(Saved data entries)
****************************************

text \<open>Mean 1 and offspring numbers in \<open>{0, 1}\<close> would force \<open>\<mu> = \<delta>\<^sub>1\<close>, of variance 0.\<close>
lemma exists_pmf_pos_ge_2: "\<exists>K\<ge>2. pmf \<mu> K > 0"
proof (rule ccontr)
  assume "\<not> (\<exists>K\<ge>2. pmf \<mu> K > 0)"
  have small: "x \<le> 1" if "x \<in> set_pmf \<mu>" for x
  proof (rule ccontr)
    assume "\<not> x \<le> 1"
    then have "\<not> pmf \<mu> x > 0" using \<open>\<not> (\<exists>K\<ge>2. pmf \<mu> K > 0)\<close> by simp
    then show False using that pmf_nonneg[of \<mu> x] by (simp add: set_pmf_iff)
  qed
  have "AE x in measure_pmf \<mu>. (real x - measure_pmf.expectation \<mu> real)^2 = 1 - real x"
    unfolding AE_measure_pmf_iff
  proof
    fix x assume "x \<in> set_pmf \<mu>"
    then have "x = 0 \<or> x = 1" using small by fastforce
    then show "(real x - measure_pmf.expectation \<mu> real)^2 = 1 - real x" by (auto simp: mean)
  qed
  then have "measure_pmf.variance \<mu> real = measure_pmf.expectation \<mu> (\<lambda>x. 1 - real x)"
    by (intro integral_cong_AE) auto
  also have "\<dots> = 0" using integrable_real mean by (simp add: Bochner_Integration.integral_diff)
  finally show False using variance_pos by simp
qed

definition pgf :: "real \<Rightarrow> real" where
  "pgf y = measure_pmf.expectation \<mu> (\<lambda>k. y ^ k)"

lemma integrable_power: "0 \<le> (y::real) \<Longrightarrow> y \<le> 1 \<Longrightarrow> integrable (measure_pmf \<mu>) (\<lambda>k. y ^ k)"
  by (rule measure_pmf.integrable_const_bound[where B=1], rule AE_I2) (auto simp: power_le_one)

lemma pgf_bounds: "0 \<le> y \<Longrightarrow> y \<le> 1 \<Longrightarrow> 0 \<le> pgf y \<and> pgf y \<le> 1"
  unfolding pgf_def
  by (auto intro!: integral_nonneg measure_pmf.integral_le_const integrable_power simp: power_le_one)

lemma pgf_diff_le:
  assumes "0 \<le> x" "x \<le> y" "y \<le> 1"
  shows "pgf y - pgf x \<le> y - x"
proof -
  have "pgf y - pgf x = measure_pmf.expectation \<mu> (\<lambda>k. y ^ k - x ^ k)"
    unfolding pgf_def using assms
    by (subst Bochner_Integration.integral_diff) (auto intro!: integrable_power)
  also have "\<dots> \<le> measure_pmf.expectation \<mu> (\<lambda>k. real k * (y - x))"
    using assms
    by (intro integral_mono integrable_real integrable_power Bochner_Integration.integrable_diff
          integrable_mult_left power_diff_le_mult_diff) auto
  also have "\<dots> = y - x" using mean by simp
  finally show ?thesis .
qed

****************************************

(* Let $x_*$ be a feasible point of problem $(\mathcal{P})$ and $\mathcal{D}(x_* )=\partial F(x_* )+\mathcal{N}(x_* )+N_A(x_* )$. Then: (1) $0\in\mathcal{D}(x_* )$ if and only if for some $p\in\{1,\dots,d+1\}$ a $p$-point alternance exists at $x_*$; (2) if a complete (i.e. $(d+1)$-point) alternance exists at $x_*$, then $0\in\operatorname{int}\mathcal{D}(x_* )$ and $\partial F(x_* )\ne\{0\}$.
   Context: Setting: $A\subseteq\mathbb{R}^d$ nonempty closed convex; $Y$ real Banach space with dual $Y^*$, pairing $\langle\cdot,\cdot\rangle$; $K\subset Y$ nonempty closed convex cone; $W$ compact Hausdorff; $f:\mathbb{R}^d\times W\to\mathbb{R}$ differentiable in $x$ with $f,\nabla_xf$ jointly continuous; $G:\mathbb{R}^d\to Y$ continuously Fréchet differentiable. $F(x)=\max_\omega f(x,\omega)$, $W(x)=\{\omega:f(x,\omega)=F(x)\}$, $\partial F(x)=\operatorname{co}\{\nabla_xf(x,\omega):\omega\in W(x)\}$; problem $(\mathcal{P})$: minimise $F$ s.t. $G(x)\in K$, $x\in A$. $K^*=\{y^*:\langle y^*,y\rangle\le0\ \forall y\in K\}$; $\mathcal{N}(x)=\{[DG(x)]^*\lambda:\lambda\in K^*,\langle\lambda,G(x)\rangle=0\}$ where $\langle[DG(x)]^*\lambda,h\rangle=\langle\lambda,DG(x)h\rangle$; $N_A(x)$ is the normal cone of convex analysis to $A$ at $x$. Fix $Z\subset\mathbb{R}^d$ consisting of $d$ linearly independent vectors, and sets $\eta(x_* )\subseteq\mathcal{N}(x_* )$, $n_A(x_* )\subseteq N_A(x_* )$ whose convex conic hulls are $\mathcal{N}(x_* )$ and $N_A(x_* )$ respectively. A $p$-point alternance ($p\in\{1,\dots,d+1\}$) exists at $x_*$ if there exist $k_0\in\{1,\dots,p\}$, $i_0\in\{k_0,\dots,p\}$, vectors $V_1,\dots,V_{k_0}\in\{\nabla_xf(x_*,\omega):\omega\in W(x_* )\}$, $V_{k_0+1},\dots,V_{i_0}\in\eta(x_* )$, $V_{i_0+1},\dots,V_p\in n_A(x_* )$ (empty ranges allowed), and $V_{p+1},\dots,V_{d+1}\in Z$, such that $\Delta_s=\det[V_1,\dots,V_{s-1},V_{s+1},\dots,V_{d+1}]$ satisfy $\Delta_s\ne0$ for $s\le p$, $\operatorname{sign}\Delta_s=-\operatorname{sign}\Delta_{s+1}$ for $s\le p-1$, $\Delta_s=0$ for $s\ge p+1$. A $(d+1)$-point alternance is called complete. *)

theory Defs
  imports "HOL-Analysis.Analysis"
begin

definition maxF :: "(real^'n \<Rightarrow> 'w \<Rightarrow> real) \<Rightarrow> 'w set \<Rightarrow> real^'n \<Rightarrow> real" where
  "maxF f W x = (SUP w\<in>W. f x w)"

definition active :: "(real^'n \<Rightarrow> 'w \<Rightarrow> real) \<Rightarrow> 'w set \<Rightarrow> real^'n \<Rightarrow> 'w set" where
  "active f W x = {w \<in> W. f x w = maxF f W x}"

****************************************

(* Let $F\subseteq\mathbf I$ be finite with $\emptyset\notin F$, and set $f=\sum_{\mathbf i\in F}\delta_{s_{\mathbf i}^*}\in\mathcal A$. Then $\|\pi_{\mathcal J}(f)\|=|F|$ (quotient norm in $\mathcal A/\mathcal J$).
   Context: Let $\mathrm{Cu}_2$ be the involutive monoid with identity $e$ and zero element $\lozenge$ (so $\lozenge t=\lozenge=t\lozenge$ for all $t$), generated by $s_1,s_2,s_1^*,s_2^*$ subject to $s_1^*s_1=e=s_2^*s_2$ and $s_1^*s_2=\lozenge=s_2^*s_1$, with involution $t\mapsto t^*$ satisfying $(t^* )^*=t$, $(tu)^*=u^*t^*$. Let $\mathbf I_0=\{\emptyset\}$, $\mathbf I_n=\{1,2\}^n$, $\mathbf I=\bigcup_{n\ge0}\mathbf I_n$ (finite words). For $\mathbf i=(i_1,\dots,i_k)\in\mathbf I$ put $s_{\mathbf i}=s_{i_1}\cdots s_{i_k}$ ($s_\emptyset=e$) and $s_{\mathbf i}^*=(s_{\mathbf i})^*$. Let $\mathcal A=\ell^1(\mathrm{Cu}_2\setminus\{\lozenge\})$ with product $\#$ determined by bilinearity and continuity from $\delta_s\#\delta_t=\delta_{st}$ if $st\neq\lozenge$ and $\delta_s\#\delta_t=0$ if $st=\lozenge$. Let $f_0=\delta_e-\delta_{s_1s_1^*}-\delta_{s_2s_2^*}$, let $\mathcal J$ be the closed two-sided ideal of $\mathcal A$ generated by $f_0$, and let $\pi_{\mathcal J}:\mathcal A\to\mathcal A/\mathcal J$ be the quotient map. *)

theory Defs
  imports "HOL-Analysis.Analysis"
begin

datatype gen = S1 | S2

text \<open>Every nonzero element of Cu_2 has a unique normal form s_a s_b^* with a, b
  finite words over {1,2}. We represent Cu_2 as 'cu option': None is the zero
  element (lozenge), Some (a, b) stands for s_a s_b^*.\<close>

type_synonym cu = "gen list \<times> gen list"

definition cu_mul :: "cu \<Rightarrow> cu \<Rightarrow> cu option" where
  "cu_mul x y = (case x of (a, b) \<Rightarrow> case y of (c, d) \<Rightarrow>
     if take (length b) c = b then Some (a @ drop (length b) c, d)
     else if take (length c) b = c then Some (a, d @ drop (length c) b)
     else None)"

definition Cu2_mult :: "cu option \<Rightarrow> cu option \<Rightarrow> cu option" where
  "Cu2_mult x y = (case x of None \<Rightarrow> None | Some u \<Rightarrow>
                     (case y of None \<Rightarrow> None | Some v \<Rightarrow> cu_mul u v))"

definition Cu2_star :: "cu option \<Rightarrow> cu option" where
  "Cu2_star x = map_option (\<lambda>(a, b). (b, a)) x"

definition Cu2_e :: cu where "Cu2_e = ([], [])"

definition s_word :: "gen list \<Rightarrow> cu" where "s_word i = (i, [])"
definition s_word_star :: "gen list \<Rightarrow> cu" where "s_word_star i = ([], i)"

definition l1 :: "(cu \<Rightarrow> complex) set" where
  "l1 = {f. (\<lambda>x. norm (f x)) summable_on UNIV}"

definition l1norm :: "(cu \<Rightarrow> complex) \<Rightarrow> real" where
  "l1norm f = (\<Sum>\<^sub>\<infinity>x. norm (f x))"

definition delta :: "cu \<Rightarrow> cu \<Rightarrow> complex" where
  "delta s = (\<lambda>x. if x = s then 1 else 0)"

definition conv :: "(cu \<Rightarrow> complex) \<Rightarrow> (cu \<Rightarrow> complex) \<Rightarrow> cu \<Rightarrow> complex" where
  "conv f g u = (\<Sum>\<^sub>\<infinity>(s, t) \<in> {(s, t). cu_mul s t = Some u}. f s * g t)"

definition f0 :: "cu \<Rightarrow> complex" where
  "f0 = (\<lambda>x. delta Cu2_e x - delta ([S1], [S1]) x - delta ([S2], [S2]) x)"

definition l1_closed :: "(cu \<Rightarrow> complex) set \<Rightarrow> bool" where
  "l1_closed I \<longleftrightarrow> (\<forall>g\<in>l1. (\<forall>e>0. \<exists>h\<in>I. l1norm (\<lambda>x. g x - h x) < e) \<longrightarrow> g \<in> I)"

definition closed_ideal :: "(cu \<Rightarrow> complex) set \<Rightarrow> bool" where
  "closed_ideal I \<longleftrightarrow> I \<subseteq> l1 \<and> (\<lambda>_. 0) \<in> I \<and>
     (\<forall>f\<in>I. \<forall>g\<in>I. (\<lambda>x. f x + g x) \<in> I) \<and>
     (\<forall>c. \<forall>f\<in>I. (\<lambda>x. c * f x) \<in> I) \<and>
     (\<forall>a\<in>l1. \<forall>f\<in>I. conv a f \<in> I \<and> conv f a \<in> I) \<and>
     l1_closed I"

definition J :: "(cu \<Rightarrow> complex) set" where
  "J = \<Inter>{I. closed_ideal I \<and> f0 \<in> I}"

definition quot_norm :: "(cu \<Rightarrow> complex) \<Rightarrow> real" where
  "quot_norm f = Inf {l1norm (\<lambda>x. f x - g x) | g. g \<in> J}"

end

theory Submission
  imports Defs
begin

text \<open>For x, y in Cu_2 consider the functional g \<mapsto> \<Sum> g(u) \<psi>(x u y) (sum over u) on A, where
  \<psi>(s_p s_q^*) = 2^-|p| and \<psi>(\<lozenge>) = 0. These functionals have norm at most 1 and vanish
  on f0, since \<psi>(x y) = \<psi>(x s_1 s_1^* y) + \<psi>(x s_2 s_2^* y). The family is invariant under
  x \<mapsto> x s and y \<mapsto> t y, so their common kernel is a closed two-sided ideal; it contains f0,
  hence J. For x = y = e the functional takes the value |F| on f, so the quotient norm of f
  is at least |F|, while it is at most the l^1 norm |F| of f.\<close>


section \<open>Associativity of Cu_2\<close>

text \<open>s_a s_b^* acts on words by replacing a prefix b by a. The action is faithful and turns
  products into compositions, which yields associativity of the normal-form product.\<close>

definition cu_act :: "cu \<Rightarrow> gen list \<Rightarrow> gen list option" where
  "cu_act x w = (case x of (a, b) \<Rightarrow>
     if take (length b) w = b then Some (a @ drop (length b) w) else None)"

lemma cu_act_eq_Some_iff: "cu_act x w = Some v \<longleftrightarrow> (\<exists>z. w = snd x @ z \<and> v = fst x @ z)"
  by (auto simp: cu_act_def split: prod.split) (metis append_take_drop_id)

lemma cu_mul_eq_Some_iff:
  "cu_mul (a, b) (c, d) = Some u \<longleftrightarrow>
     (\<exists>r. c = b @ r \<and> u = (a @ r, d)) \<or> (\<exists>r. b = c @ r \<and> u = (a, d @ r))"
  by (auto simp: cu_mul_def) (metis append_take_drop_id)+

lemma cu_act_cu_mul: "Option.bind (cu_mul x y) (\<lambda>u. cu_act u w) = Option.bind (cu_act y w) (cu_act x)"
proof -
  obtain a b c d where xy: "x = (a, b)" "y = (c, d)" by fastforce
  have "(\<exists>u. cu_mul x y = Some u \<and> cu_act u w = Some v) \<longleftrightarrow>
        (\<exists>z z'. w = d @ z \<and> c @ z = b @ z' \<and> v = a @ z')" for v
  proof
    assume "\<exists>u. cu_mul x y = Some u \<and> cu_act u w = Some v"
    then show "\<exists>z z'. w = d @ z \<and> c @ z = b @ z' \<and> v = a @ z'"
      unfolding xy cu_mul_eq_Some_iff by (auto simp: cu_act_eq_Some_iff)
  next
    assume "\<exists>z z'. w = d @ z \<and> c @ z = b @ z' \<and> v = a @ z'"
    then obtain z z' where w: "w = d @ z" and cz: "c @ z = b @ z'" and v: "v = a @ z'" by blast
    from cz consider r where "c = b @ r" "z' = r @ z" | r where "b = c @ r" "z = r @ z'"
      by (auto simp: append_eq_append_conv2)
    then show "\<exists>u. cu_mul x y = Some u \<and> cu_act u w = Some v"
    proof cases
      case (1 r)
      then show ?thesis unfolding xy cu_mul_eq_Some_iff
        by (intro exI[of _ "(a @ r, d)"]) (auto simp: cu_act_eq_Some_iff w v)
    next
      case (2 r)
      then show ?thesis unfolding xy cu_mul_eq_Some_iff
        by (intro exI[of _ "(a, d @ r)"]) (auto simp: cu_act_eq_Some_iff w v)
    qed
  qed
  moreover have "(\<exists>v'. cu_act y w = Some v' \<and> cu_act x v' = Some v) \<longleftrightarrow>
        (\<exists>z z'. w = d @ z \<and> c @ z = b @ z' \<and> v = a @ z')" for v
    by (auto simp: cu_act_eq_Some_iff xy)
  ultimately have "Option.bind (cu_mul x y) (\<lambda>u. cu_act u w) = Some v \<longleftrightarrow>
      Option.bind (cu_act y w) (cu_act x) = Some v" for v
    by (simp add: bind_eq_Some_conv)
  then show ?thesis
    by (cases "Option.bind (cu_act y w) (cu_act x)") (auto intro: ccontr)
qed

****************************************

## Problem to work on
Write out exactly the lines above from the line with "(SUP w\<in>W. f" through the line with "f x w = maxF", both of them included, and leave out all other lines.

## Exercise solution
  "maxF f W x = (SUP w\<in>W. f x w)"

definition active :: "(real^'n \<Rightarrow> 'w \<Rightarrow> real) \<Rightarrow> 'w set \<Rightarrow> real^'n \<Rightarrow> 'w set" where
  "active f W x = {w \<in> W. f x w = maxF f W x}"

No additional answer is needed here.